Fortunately, endometriosis can be treated using medications or surgery for more severe cases. If there’s blockage in your tubes, keyhole surgery may help to restore fertility, Dr Ng says.

But if surgery does not work and the tube remains blocked, the couple will be recommended to undergo in-vitro fertilisation (IVF), Dr Ng adds.

Stick to just one to two cups of kopi

Consider swapping your coffee, tea and cola drinks for a decaf or juice. Or limit caffeine intake to one to two cups of coffee or tea per day, Dr Lim advises.

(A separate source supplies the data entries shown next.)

lemma convex_on_mp_excess_integral:
  assumes "0 < \<gamma>"
  shows "convex_on {0..} (\<lambda>L. \<integral>t. sqrt_excess_sq L t * mp_density \<gamma> t \<partial>lborel)"
proof (rule convex_on_lebesgue_integral)
  show "convex_on {0..} (\<lambda>L. sqrt_excess_sq L t * mp_density \<gamma> t)" for t
    using convex_on_cmul[OF mp_density_nonneg[OF assms] convex_on_subset[OF convex_on_sqrt_excess_sq]]
    by (simp add: mult.commute)
qed (use integrable_sqrt_excess_sq[OF assms] in auto)

lemma continuous_on_mp_excess_integral:
  assumes "0 < \<gamma>"
  shows "continuous_on {0..} (\<lambda>L. \<integral>t. sqrt_excess_sq L t * mp_density \<gamma> t \<partial>lborel)"
proof (rule lipschitz_on_continuous_on[OF lipschitz_on_lebesgue_integral])
  show "integrable lborel (\<lambda>t. 2 * sqrt t * mp_density \<gamma> t)"
    using gamma_plus_nonneg[of \<gamma>]
    by (intro integrable_mult_mp_density[OF assms, where B = "2 * sqrt (gamma_plus \<gamma>)"]) auto
  show "0 \<le> 2 * sqrt t * mp_density \<gamma> t" for t
    using mp_density_nonneg[OF assms, of t] mp_density_eq_0[of t \<gamma>] by (cases "0 \<le> t") auto
  show "\<bar>sqrt_excess_sq L t * mp_density \<gamma> t - sqrt_excess_sq L' t * mp_density \<gamma> t\<bar>
      \<le> 2 * sqrt t * mp_density \<gamma> t * \<bar>L - L'\<bar>" if "L \<in> {0..}" "L' \<in> {0..}" for L L' t
  proof (cases "0 \<le> t")
    case True
    have "\<bar>sqrt_excess_sq L t * mp_density \<gamma> t - sqrt_excess_sq L' t * mp_density \<gamma> t\<bar>
        = \<bar>sqrt_excess_sq L t - sqrt_excess_sq L' t\<bar> * mp_density \<gamma> t"
      using mp_density_nonneg[OF assms, of t] by (simp add: abs_mult flip: left_diff_distrib)
    also have "\<dots> \<le> 2 * sqrt t * \<bar>L - L'\<bar> * mp_density \<gamma> t"
      using sqrt_excess_sq_lipschitz[of L L' t] that True mp_density_nonneg[OF assms, of t]
      by (intro mult_right_mono) auto
    finally show ?thesis
      by (simp add: mult_ac)
  qed (simp add: mp_density_eq_0)
qed (use integrable_sqrt_excess_sq[OF assms] in auto)

lemma mp_gamma_pos:
  assumes "0 < \<rho>" "\<rho> < 1" "0 < \<rho>t" "\<rho>t < 1"
  shows "0 < mp_gamma \<rho> \<rho>t"
proof -
  have "0 < (\<rho>t * (1 - \<rho>)) / (\<rho> * (1 - \<rho>t))"
    using assms by simp
  then show ?thesis
    by (simp add: mp_gamma_def algebra_simps)
qed

lemma MM_eq_excess_integral:
  assumes "0 \<le> \<Lambda>" "0 < mp_gamma \<rho> \<rho>t"
  shows "MM \<Lambda> \<rho> \<rho>t \<alpha> = \<rho> + \<rho>t - \<rho> * \<rho>t + ((1 - \<rho>t) * \<rho>) * \<Lambda>\<^sup>2 + ((1 - \<rho>t) * \<alpha> * (1 - \<rho>)) *
      (\<integral>t. sqrt_excess_sq \<Lambda> t * mp_density (mp_gamma \<rho> \<rho>t) t \<partial>lborel)"
  unfolding MM_def Let_def mp_tail_combination_eq_integral[OF assms(2,1)]
  by (simp add: algebra_simps)

lemma MM_eq_power2_add_convex:
  assumes "0 < \<rho>" "\<rho> < 1" "0 < \<rho>t" "\<rho>t < 1" "0 \<le> \<alpha>"
  obtains c f where "0 < c" "convex_on {0..} f" "continuous_on {0..} f"
    "\<And>\<Lambda>. 0 \<le> \<Lambda> \<Longrightarrow> MM \<Lambda> \<rho> \<rho>t \<alpha> = c * \<Lambda>\<^sup>2 + f \<Lambda>"
proof
  let ?\<gamma> = "mp_gamma \<rho> \<rho>t"
  let ?J = "\<lambda>\<Lambda>. \<integral>t. sqrt_excess_sq \<Lambda> t * mp_density ?\<gamma> t \<partial>lborel"
  have \<gamma>: "0 < ?\<gamma>"
    using mp_gamma_pos assms by blast
  have "0 \<le> (1 - \<rho>t) * \<alpha> * (1 - \<rho>)"
    using assms by simp
  then show "convex_on {0..} (\<lambda>\<Lambda>. \<rho> + \<rho>t - \<rho> * \<rho>t + ((1 - \<rho>t) * \<alpha> * (1 - \<rho>)) * ?J \<Lambda>)"
    using convex_on_mp_excess_integral[OF \<gamma>]
    by (intro convex_on_add convex_on_cmul) (auto simp: convex_on_const)
  show "continuous_on {0..} (\<lambda>\<Lambda>. \<rho> + \<rho>t - \<rho> * \<rho>t + ((1 - \<rho>t) * \<alpha> * (1 - \<rho>)) * ?J \<Lambda>)"
    using continuous_on_mp_excess_integral[OF \<gamma>] by (intro continuous_intros)
  show "0 < (1 - \<rho>t) * \<rho>"
    using assms by simp
  show "MM \<Lambda> \<rho> \<rho>t \<alpha> = (1 - \<rho>t) * \<rho> * \<Lambda>\<^sup>2 + (\<rho> + \<rho>t - \<rho> * \<rho>t + ((1 - \<rho>t) * \<alpha> * (1 - \<rho>)) * ?J \<Lambda>)"
    if "0 \<le> \<Lambda>" for \<Lambda>
    using MM_eq_excess_integral[OF that \<gamma>] by simp
qed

Research has linked consuming too much caffeine with fertility issues and early pregnancy loss. Caffeine reduces muscle activity in the fallopian tubes that carry eggs from the ovaries to the womb, which lowers chance of pregnancy, according to a study published in British Journal of Pharmacology in 2011.

Another new study by the National Institutes of Health and Ohio State University in Columbus suggests that your husband’s caffeine habits matter, too. The researchers looked at 344 couples trying to conceive, and found that drinking three or more caffeinated beverages, such as coffee, tea, soda and energy drinks, a day raised the risk of early pregnancy loss by 74 per cent.

Weight matters

The general recommendation for women hoping to conceive is to have a healthy, balanced diet. Being on the extreme ends of the weighing scale can wreak havoc on fertility, so keep your weight in check.

Dr Lim says increasing intake of antioxidants may help improve egg quality although there still isn’t much research in this area. Antioxidants can be found in fresh fruits, vegetables and nuts.

Some studies suggest that myo-inositol may improve egg quality and pregnancy outcomes in IVF cycles, particularly in women with a hormonal disorder known as polycystic ovarian syndrome, Dr Ng says.

This vitamin-like substance can be taken in the form of supplements, and is also found in a variety of food such as unprocessed grains (oats, wheat, bran), fresh citrus fruit (except lemons), cantaloupe, brewer’s yeast, lima beans, raisons, peanuts and cabbage, he adds.

Women trying to conceive should take folic acid, say the experts. It does not improve fertility but if you get pregnant, it can reduce your baby’s chance of being born with a neural tube defect.

Daddies-to-be, get healthy too

The number of eggs a woman has, and their quality, are the most important factors to conceiving naturally after 40, Dr Lim says.

But men should do their part too, by maintaining a healthy lifestyle with a good diet and regular exercise. This means, not smoking or taking illicit drugs, and limiting alcohol to the occasional glass of beer or wine with dinner, Dr Lim advises.

Avoid wearing tight underwear, which can reduce sperm production, Dr Ng advises. To boost sperm health, Dr Ng recommends daddies-to-be to take supplements for a minimum of three months.

For example, zinc, glutathione, L-carnitine, L-arginine may improve sperm production, coenzyme Q10 and L-carnitine to boost sperm motility (movement), selenium and folate to boost sperm quality and quantity, Dr Ng adds. Remember to check with your doctor before starting any supplements.

Don’t wait too long

Seek medical advice if you have tried for six months but have not succeeded in conceiving. Dr Lim advises seeing a fertility specialist earlier if you have any existing medical conditions or have had abdominal surgery.

The doctor can perform appropriate screening tests and her condition optimised before embarking on the fertility journey. For example, those with endometriosis, polyps or fibroids may need to undergo surgery before having fertility treatments.